Search the entries below for "unfolding", and copy each line where it appears.

Stored data:

=== Begin Enclosure ===

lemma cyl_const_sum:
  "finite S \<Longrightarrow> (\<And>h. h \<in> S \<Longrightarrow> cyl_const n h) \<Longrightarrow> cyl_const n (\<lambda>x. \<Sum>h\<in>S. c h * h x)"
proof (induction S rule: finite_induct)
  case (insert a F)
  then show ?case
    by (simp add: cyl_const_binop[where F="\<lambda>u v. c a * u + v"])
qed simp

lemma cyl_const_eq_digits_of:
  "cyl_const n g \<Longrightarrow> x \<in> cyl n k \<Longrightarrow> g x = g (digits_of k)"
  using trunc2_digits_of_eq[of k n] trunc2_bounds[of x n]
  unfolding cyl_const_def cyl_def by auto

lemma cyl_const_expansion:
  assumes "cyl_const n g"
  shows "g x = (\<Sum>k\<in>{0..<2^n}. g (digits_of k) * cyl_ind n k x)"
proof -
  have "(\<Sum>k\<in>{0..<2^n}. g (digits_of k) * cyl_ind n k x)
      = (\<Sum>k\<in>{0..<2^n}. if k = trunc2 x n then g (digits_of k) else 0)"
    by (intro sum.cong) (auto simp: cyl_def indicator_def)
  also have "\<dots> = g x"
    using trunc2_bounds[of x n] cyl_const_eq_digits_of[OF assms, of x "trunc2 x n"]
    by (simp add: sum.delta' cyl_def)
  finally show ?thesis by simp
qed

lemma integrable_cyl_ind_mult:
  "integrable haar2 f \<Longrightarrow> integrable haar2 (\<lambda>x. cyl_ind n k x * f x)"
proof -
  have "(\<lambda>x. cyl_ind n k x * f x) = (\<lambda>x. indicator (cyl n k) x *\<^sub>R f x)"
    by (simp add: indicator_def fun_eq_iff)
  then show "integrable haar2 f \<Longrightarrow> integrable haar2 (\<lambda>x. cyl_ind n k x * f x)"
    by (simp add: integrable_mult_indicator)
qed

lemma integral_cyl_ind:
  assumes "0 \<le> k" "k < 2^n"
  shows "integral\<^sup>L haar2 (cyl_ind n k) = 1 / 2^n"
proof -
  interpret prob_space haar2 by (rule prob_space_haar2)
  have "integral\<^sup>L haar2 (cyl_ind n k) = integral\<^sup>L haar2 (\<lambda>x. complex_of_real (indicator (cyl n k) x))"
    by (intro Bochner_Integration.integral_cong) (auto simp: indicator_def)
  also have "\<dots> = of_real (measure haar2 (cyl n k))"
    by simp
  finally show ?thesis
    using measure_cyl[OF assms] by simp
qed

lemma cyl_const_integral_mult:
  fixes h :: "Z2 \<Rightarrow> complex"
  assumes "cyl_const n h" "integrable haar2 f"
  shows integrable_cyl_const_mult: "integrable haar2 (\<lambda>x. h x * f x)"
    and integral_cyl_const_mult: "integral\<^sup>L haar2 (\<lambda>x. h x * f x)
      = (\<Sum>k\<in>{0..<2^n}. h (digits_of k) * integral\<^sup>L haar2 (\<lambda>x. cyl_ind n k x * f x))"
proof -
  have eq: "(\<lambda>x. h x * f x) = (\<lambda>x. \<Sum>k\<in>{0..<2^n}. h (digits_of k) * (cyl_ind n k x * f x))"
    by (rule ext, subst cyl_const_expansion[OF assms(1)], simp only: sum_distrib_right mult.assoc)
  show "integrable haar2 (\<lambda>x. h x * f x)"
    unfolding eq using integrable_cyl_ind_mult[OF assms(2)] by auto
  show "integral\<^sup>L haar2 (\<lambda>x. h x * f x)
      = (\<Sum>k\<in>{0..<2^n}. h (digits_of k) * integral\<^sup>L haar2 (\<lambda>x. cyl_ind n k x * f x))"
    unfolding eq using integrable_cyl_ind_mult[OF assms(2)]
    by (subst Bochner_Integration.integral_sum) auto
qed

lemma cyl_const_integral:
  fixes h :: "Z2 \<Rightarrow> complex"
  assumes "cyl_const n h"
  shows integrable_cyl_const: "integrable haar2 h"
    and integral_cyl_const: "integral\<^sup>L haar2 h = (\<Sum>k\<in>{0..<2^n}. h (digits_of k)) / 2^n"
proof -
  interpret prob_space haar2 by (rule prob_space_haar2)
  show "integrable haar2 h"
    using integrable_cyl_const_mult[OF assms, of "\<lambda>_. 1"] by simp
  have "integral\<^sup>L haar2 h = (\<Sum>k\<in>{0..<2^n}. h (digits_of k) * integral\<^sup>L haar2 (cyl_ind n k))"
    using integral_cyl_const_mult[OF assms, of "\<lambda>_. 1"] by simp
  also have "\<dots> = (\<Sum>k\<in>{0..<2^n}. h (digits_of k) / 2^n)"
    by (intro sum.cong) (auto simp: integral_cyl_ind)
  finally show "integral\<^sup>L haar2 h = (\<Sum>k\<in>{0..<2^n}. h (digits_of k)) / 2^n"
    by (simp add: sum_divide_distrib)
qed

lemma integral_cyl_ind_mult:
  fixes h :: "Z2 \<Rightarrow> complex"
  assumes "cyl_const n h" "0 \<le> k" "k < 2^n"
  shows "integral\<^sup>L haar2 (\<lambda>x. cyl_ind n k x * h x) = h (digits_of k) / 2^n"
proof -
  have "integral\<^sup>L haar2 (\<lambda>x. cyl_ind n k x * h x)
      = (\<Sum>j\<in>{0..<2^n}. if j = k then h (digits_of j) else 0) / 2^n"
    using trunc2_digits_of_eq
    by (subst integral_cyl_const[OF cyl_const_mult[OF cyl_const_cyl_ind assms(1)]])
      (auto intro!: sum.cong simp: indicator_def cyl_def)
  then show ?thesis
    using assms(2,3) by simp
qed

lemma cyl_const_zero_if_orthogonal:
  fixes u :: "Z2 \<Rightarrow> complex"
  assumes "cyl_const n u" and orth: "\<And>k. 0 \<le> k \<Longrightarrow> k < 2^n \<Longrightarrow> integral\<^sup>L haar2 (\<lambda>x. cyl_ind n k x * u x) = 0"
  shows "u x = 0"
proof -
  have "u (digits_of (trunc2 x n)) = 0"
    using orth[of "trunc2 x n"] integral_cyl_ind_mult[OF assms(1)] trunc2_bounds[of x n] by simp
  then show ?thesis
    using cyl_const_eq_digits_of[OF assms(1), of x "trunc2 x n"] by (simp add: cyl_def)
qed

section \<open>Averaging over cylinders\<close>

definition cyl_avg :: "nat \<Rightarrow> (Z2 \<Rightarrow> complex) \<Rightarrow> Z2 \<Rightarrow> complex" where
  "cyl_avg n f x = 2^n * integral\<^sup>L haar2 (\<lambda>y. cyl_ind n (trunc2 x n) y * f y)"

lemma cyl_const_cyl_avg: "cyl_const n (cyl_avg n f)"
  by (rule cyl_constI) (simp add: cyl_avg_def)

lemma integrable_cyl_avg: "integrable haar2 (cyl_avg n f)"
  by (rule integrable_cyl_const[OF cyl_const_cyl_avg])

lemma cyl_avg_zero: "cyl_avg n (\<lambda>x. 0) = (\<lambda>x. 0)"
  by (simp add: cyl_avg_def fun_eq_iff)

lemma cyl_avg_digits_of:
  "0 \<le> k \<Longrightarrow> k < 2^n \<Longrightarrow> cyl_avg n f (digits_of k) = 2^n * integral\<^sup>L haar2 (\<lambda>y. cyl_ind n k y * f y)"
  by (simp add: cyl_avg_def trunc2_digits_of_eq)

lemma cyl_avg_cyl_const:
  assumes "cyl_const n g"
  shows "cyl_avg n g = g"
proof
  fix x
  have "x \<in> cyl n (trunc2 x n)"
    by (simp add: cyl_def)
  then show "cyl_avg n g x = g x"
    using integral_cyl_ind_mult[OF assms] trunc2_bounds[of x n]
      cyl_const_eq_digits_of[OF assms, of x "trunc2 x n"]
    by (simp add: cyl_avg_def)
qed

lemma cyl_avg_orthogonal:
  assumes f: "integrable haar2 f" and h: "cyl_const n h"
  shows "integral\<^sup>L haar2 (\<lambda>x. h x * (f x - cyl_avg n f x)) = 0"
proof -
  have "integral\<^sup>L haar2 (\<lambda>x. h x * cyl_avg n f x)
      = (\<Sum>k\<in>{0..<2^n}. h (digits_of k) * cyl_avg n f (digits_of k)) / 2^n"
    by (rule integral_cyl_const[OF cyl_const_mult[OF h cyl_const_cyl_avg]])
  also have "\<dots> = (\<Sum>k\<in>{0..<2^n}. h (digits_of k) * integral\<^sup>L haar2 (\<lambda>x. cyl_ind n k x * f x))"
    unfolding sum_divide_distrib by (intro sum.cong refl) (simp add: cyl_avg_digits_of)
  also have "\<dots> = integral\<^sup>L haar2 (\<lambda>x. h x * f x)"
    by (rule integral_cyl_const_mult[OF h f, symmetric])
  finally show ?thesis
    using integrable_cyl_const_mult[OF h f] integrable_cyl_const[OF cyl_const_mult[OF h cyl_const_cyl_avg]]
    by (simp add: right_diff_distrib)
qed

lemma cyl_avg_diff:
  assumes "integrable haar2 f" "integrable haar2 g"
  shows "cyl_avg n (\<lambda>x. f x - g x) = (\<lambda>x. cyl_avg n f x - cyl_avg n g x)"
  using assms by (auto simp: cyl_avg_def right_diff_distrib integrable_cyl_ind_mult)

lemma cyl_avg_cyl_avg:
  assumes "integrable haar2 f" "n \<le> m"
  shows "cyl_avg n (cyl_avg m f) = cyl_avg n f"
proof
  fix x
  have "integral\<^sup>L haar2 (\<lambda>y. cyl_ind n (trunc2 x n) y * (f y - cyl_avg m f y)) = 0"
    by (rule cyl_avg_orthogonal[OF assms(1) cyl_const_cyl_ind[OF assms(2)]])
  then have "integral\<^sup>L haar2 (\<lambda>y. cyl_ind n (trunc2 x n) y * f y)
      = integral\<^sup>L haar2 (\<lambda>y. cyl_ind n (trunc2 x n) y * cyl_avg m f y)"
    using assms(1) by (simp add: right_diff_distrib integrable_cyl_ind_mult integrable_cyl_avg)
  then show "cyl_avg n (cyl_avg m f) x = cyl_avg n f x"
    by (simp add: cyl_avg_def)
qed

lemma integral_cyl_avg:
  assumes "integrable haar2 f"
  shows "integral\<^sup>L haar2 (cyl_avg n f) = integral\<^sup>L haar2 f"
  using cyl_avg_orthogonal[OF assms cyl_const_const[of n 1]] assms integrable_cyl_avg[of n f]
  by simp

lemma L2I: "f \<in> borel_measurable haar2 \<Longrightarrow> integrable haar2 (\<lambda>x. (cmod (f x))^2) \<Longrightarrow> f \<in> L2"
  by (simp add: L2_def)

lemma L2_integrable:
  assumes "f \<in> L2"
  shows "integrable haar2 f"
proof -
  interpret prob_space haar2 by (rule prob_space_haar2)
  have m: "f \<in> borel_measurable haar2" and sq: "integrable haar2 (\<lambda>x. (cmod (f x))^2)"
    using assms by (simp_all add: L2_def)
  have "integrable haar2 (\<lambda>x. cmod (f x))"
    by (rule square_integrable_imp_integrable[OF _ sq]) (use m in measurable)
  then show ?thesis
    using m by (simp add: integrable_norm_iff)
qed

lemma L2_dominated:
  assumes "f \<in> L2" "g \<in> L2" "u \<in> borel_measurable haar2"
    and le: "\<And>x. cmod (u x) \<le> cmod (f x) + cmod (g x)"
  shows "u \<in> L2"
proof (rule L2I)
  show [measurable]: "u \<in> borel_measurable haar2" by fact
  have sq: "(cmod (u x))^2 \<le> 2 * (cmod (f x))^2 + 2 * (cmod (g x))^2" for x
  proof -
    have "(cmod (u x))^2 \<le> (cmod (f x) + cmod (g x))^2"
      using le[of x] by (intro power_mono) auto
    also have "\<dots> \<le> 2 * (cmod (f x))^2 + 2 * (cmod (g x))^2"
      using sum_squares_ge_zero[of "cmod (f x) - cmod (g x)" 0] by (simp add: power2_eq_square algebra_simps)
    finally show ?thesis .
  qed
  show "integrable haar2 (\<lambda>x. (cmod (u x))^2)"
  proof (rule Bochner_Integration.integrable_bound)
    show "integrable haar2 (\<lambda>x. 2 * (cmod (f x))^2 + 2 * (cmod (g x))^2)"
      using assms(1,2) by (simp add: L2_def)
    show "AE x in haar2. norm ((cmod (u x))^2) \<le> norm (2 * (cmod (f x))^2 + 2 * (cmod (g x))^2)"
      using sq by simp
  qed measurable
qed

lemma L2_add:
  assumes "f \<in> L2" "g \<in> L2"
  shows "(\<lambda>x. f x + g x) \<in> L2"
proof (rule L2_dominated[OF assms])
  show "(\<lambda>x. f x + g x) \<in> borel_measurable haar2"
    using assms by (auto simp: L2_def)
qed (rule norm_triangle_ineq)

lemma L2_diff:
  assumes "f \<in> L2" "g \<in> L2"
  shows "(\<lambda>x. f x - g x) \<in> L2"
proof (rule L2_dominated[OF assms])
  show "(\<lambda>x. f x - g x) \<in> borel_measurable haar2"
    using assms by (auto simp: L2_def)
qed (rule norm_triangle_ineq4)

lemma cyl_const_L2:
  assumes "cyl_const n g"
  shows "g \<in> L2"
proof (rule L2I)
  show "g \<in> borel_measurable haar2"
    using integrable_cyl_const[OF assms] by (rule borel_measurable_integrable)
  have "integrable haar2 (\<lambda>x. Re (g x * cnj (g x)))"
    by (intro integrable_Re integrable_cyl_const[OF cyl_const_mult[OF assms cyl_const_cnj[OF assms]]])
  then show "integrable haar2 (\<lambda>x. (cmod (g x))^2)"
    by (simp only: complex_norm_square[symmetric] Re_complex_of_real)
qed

=== End Enclosure ===

_Written reply_:
  unfolding cyl_const_def cyl_def by auto
    unfolding eq using integrable_cyl_ind_mult[OF assms(2)] by auto
    unfolding eq using integrable_cyl_ind_mult[OF assms(2)]
    unfolding sum_divide_distrib by (intro sum.cong refl) (simp add: cyl_avg_digits_of)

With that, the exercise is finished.